lemma expectation_Pi_pmf_component:
  fixes f :: "'a \<Rightarrow> real"
  assumes "finite A" "i \<in> A"
  shows "measure_pmf.expectation (Pi_pmf A d P) (\<lambda>X. f (X i)) = measure_pmf.expectation (P i) f"
proof -
  have "measure_pmf.expectation (Pi_pmf A d P) (\<lambda>X. f (X i)) =
      measure_pmf.expectation (map_pmf (\<lambda>X. X i) (Pi_pmf A d P)) f"
    by simp
  also have "map_pmf (\<lambda>X. X i) (Pi_pmf A d P) = P i"
    using assms by (simp add: Pi_pmf_component)
  finally show ?thesis .
qed

lemma expectation_Pi_pmf_pair:
  fixes f :: "'a \<Rightarrow> 'a \<Rightarrow> real"
  assumes "finite A" "i \<in> A" "j \<in> A" "i \<noteq> j"
  shows "measure_pmf.expectation (Pi_pmf A d P) (\<lambda>X. f (X i) (X j)) =
    measure_pmf.expectation (pair_pmf (P i) (P j)) (\<lambda>(x, y). f x y)"
proof -
  have "measure_pmf.expectation (Pi_pmf A d P) (\<lambda>X. f (X i) (X j)) =
      measure_pmf.expectation (map_pmf (\<lambda>X. (X i, X j)) (Pi_pmf A d P)) (\<lambda>(x, y). f x y)"
    by simp
  also have "map_pmf (\<lambda>X. (X i, X j)) (Pi_pmf A d P) = pair_pmf (P i) (P j)"
    using assms by (rule map_pmf_Pi_pmf_pair)
  finally show ?thesis .
qed

lemma expectation_Pi_pmf_triple:
  fixes f :: "'a \<Rightarrow> 'a \<Rightarrow> 'a \<Rightarrow> real"
  assumes "finite A" "i \<in> A" "j \<in> A" "k \<in> A" "i \<noteq> j" "i \<noteq> k" "j \<noteq> k"
  shows "measure_pmf.expectation (Pi_pmf A d P) (\<lambda>X. f (X i) (X j) (X k)) =
    measure_pmf.expectation (pair_pmf (P i) (pair_pmf (P j) (P k))) (\<lambda>(x, y, z). f x y z)"
proof -
  have "measure_pmf.expectation (Pi_pmf A d P) (\<lambda>X. f (X i) (X j) (X k)) =
      measure_pmf.expectation (map_pmf (\<lambda>X. (X i, X j, X k)) (Pi_pmf A d P)) (\<lambda>(x, y, z). f x y z)"
    by simp
  also have "map_pmf (\<lambda>X. (X i, X j, X k)) (Pi_pmf A d P) = pair_pmf (P i) (pair_pmf (P j) (P k))"
    using assms by (rule map_pmf_Pi_pmf_triple)
  finally show ?thesis .
qed

lemma of_nat_card_Diff_singleton:
  assumes "finite A" "x \<in> A"
  shows "of_nat (card (A - {x})) = of_nat (card A) - (1 :: 'b :: ring_1)"
  using card.remove[OF assms] by simp

lemma sum_expectation_Pi_pmf_iid_pair:
  fixes f :: "'a \<Rightarrow> 'a \<Rightarrow> real"
  assumes "finite S" "l \<in> S"
  shows "(\<Sum>k\<in>S. measure_pmf.expectation (Pi_pmf S d (\<lambda>_. p)) (\<lambda>X. f (X l) (X k))) =
    measure_pmf.expectation p (\<lambda>x. f x x)
    + (real (card S) - 1) * measure_pmf.expectation (pair_pmf p p) (\<lambda>(x, y). f x y)"
proof -
  let ?Q = "Pi_pmf S d (\<lambda>_. p)"
  have "(\<Sum>k\<in>S. measure_pmf.expectation ?Q (\<lambda>X. f (X l) (X k))) =
      measure_pmf.expectation ?Q (\<lambda>X. f (X l) (X l)) +
      (\<Sum>k\<in>S - {l}. measure_pmf.expectation ?Q (\<lambda>X. f (X l) (X k)))"
    using assms by (rule sum.remove)
  also have "\<dots> = measure_pmf.expectation p (\<lambda>x. f x x) +
      (\<Sum>k\<in>S - {l}. measure_pmf.expectation (pair_pmf p p) (\<lambda>(x, y). f x y))"
    using assms by (intro arg_cong2[where f="(+)"] sum.cong refl
      expectation_Pi_pmf_component[where f="\<lambda>x. f x x"] expectation_Pi_pmf_pair) auto
  moreover have "card (S - {l}) = real (card S) - 1"
    using assms by (rule of_nat_card_Diff_singleton)
  ultimately show ?thesis by simp
qed

lemma sum_expectation_Pi_pmf_iid_triple:
  fixes f :: "'a \<Rightarrow> 'a \<Rightarrow> 'a \<Rightarrow> real"
  assumes "finite S" "l \<in> S"
  shows "(\<Sum>k\<in>S. \<Sum>m\<in>S. measure_pmf.expectation (Pi_pmf S d (\<lambda>_. p)) (\<lambda>X. f (X l) (X k) (X m))) =
    measure_pmf.expectation p (\<lambda>x. f x x x)
    + (real (card S) - 1) * (measure_pmf.expectation (pair_pmf p p) (\<lambda>(x, y). f x x y)
       + measure_pmf.expectation (pair_pmf p p) (\<lambda>(x, y). f x y x)
       + measure_pmf.expectation (pair_pmf p p) (\<lambda>(x, y). f x y y))
    + (real (card S) - 1) * (real (card S) - 2)
       * measure_pmf.expectation (pair_pmf p (pair_pmf p p)) (\<lambda>(x, y, z). f x y z)"
proof -
  let ?Q = "Pi_pmf S d (\<lambda>_. p)"
  have off_diagonal: "(\<Sum>m\<in>S. measure_pmf.expectation ?Q (\<lambda>X. f (X l) (X k) (X m))) =
      measure_pmf.expectation (pair_pmf p p) (\<lambda>(x, y). f x y x)
      + measure_pmf.expectation (pair_pmf p p) (\<lambda>(x, y). f x y y)
      + (real (card S) - 2) * measure_pmf.expectation (pair_pmf p (pair_pmf p p)) (\<lambda>(x, y, z). f x y z)"
    if k: "k \<in> S - {l}" for k
  proof -
    have "(\<Sum>m\<in>S. measure_pmf.expectation ?Q (\<lambda>X. f (X l) (X k) (X m))) =
        measure_pmf.expectation ?Q (\<lambda>X. f (X l) (X k) (X l))
        + (measure_pmf.expectation ?Q (\<lambda>X. f (X l) (X k) (X k))
        + (\<Sum>m\<in>S - {l} - {k}. measure_pmf.expectation ?Q (\<lambda>X. f (X l) (X k) (X m))))"
      using assms k by (simp add: sum.remove)
    also have "\<dots> = measure_pmf.expectation (pair_pmf p p) (\<lambda>(x, y). f x y x)
        + (measure_pmf.expectation (pair_pmf p p) (\<lambda>(x, y). f x y y)
        + (\<Sum>m\<in>S - {l} - {k}. measure_pmf.expectation (pair_pmf p (pair_pmf p p)) (\<lambda>(x, y, z). f x y z)))"
      using assms k by (intro arg_cong2[where f="(+)"] sum.cong refl
        expectation_Pi_pmf_pair[where f="\<lambda>x y. f x y x"]
        expectation_Pi_pmf_pair[where f="\<lambda>x y. f x y y"] expectation_Pi_pmf_triple) auto
    moreover have "card (S - {l} - {k}) = real (card S) - 2"
    proof -
      have "real (card (S - {l} - {k})) = real (card (S - {l})) - 1"
        using assms k by (intro of_nat_card_Diff_singleton) auto
      moreover have "real (card (S - {l})) = real (card S) - 1"
        using assms by (rule of_nat_card_Diff_singleton)
      ultimately show ?thesis by linarith
    qed
    ultimately show ?thesis by simp
  qed
  have "(\<Sum>k\<in>S. \<Sum>m\<in>S. measure_pmf.expectation ?Q (\<lambda>X. f (X l) (X k) (X m))) =
      (\<Sum>m\<in>S. measure_pmf.expectation ?Q (\<lambda>X. f (X l) (X l) (X m)))
      + (\<Sum>k\<in>S - {l}. \<Sum>m\<in>S. measure_pmf.expectation ?Q (\<lambda>X. f (X l) (X k) (X m)))"
    using assms by (rule sum.remove)
  also have "(\<Sum>m\<in>S. measure_pmf.expectation ?Q (\<lambda>X. f (X l) (X l) (X m))) =
      measure_pmf.expectation p (\<lambda>x. f x x x)
      + (real (card S) - 1) * measure_pmf.expectation (pair_pmf p p) (\<lambda>(x, y). f x x y)"
    using assms by (rule sum_expectation_Pi_pmf_iid_pair[where f="\<lambda>x y. f x x y"])
  also have "(\<Sum>k\<in>S - {l}. \<Sum>m\<in>S. measure_pmf.expectation ?Q (\<lambda>X. f (X l) (X k) (X m))) =
      (real (card S) - 1) * (measure_pmf.expectation (pair_pmf p p) (\<lambda>(x, y). f x y x)
      + measure_pmf.expectation (pair_pmf p p) (\<lambda>(x, y). f x y y)
      + (real (card S) - 2) * measure_pmf.expectation (pair_pmf p (pair_pmf p p)) (\<lambda>(x, y, z). f x y z))"
    using assms of_nat_card_Diff_singleton[where 'b=real, OF assms] by (simp add: off_diagonal)
  finally show ?thesis by (simp add: algebra_simps)
qed

lemma norm_diff_scaleR_sum_squared:
  fixes x :: "'a::real_inner" and v :: "'i \<Rightarrow> 'a"
  shows "(norm (x - c *\<^sub>R (\<Sum>k\<in>S. w k *\<^sub>R v k)))\<^sup>2 =
    x \<bullet> x - 2 * c * (\<Sum>k\<in>S. w k * (x \<bullet> v k))
    + c\<^sup>2 * (\<Sum>k\<in>S. \<Sum>m\<in>S. w k * w m * (v k \<bullet> v m))"
proof -
  define s where "s = (\<Sum>k\<in>S. w k *\<^sub>R v k)"
  have "(norm (x - c *\<^sub>R s))\<^sup>2 = x \<bullet> x - 2 * c * (x \<bullet> s) + c\<^sup>2 * (s \<bullet> s)"
    unfolding power2_norm_eq_inner
    by (simp add: inner_diff_left inner_diff_right inner_commute power2_eq_square algebra_simps)
  moreover have "x \<bullet> s = (\<Sum>k\<in>S. w k * (x \<bullet> v k))"
    by (simp add: s_def inner_sum_right)
  moreover have "s \<bullet> s = (\<Sum>k\<in>S. (w k *\<^sub>R v k) \<bullet> s)"
    unfolding s_def by (rule inner_sum_left)
  moreover have "\<dots> = (\<Sum>k\<in>S. \<Sum>m\<in>S. w k * w m * (v k \<bullet> v m))"
    by (simp add: s_def inner_sum_right mult_ac)
  ultimately show ?thesis
    by (simp add: s_def)
qed

lemma inner_unit_vectors_bounded:
  fixes x y :: "'a::real_inner"
  assumes "norm x = 1" "norm y = 1"
  shows "x \<bullet> y \<in> {-1..1}"
  using Cauchy_Schwarz_ineq2[of x y] assms by (simp add: abs_le_iff)

definition att_form :: "'a::real_inner \<Rightarrow> 'a \<Rightarrow> 'a \<Rightarrow> 'a \<Rightarrow> real" where
  "att_form mu0 mu1 x y = (x \<bullet> mu0) * (mu0 \<bullet> y) + (x \<bullet> mu1) * (mu1 \<bullet> y)"

lemma att_form_commute: "att_form mu0 mu1 x y = att_form mu0 mu1 y x"
  by (simp add: att_form_def inner_commute mult.commute)

lemma T_lin_eq_att_form: "T_lin lam L mu0 mu1 X l =
  (2 / real L) *\<^sub>R (\<Sum>k\<in>{1..L}. (lam * att_form mu0 mu1 (X l) (X k)) *\<^sub>R X k)"
  by (simp add: T_lin_def att_form_def)

lemma expectation_row_loss:
  fixes a b mu0 mu1 :: "real^'d"
  assumes "norm a = 1" "norm b = 1" "a \<bullet> b = 0" "l \<in> {1..L}"
  shows "measure_pmf.expectation (rows_law L (two_point_law a b))
      (\<lambda>X. (norm (X l - T_lin lam L mu0 mu1 X l))\<^sup>2) =
    1 - lam * (real L + 1) / real L * (att_form mu0 mu1 a a + att_form mu0 mu1 b b)
    + lam\<^sup>2 * (real L + 3) / (2 * real L) * ((att_form mu0 mu1 a a)\<^sup>2 + (att_form mu0 mu1 b b)\<^sup>2)
    + lam\<^sup>2 * (real L - 1) / real L * (att_form mu0 mu1 a b)\<^sup>2"
proof -
  define p where "p = two_point_law a b"
  define Q where "Q = rows_law L p"
  let ?A = "att_form mu0 mu1"
  have a: "a \<bullet> a = 1" and b: "b \<bullet> b = 1"
    using assms(1,2) by (simp_all add: norm_eq_1)
  have ab: "a \<bullet> b = 0" and ba: "b \<bullet> a = 0"
    using assms(3) by (simp_all add: inner_commute)
  have "finite (set_pmf Q)"
    unfolding Q_def rows_law_def p_def
    by (simp add: set_Pi_pmf finite_PiE_dflt finite_set_two_point_law)
  note integrable = integrable_measure_pmf_finite[OF this]
  have "measure_pmf.expectation Q (\<lambda>X. (norm (X l - T_lin lam L mu0 mu1 X l))\<^sup>2) =
      measure_pmf.expectation Q (\<lambda>X. X l \<bullet> X l)
      - 2 * (2 / real L) * (\<Sum>k\<in>{1..L}. measure_pmf.expectation Q
          (\<lambda>X. lam * ?A (X l) (X k) * (X l \<bullet> X k)))
      + (2 / real L)\<^sup>2 * (\<Sum>k\<in>{1..L}. \<Sum>m\<in>{1..L}. measure_pmf.expectation Q
          (\<lambda>X. lam * ?A (X l) (X k) * (lam * ?A (X l) (X m)) * (X k \<bullet> X m)))"
    unfolding T_lin_eq_att_form norm_diff_scaleR_sum_squared
    by (simp add: integrable Bochner_Integration.integral_sum)
  also have "measure_pmf.expectation Q (\<lambda>X. X l \<bullet> X l) = 1"
    using assms(4)
      expectation_Pi_pmf_component[where f="\<lambda>x :: real^'d. x \<bullet> x" and A="{1..L}" and i=l]
    unfolding Q_def rows_law_def by (simp add: p_def expectation_two_point_law a b)
  also have "(\<Sum>k\<in>{1..L}. measure_pmf.expectation Q (\<lambda>X. lam * ?A (X l) (X k) * (X l \<bullet> X k))) =
      lam * (real L + 1) / 4 * (?A a a + ?A b b)"
    using assms(4) unfolding Q_def rows_law_def
    by (subst sum_expectation_Pi_pmf_iid_pair[where f="\<lambda>x y. lam * ?A x y * (x \<bullet> y)"])
      (simp_all add: expectation_pair_pmf p_def finite_set_two_point_law
        expectation_two_point_law a b ab ba field_simps)
  also have "(\<Sum>k\<in>{1..L}. \<Sum>m\<in>{1..L}. measure_pmf.expectation Q
          (\<lambda>X. lam * ?A (X l) (X k) * (lam * ?A (X l) (X m)) * (X k \<bullet> X m))) =
      lam\<^sup>2 * real L / 8 * ((real L + 3) * ((?A a a)\<^sup>2 + (?A b b)\<^sup>2) + 2 * (real L - 1) * (?A a b)\<^sup>2)"
    using assms(4) unfolding Q_def rows_law_def
    by (subst sum_expectation_Pi_pmf_iid_triple
        [where f="\<lambda>x y z. lam * ?A x y * (lam * ?A x z) * (y \<bullet> z)"])
      (simp_all add: expectation_pair_pmf p_def finite_set_two_point_law expectation_two_point_law
        a b ab ba att_form_commute[of _ _ b a] field_simps power2_eq_square)
  finally show ?thesis
    using assms(4) by (simp add: Q_def p_def field_simps power2_eq_square)
qed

····················

> _Directions for this task_: Only the last part of the entries above is needed: please copy the line with "lam\<^sup>2 * real" and each line after it exactly.

> _Output for this exercise_:
      lam\<^sup>2 * real L / 8 * ((real L + 3) * ((?A a a)\<^sup>2 + (?A b b)\<^sup>2) + 2 * (real L - 1) * (?A a b)\<^sup>2)"
    using assms(4) unfolding Q_def rows_law_def
    by (subst sum_expectation_Pi_pmf_iid_triple
        [where f="\<lambda>x y z. lam * ?A x y * (lam * ?A x z) * (y \<bullet> z)"])
      (simp_all add: expectation_pair_pmf p_def finite_set_two_point_law expectation_two_point_law
        a b ab ba att_form_commute[of _ _ b a] field_simps power2_eq_square)
  finally show ?thesis
    using assms(4) by (simp add: Q_def p_def field_simps power2_eq_square)
qed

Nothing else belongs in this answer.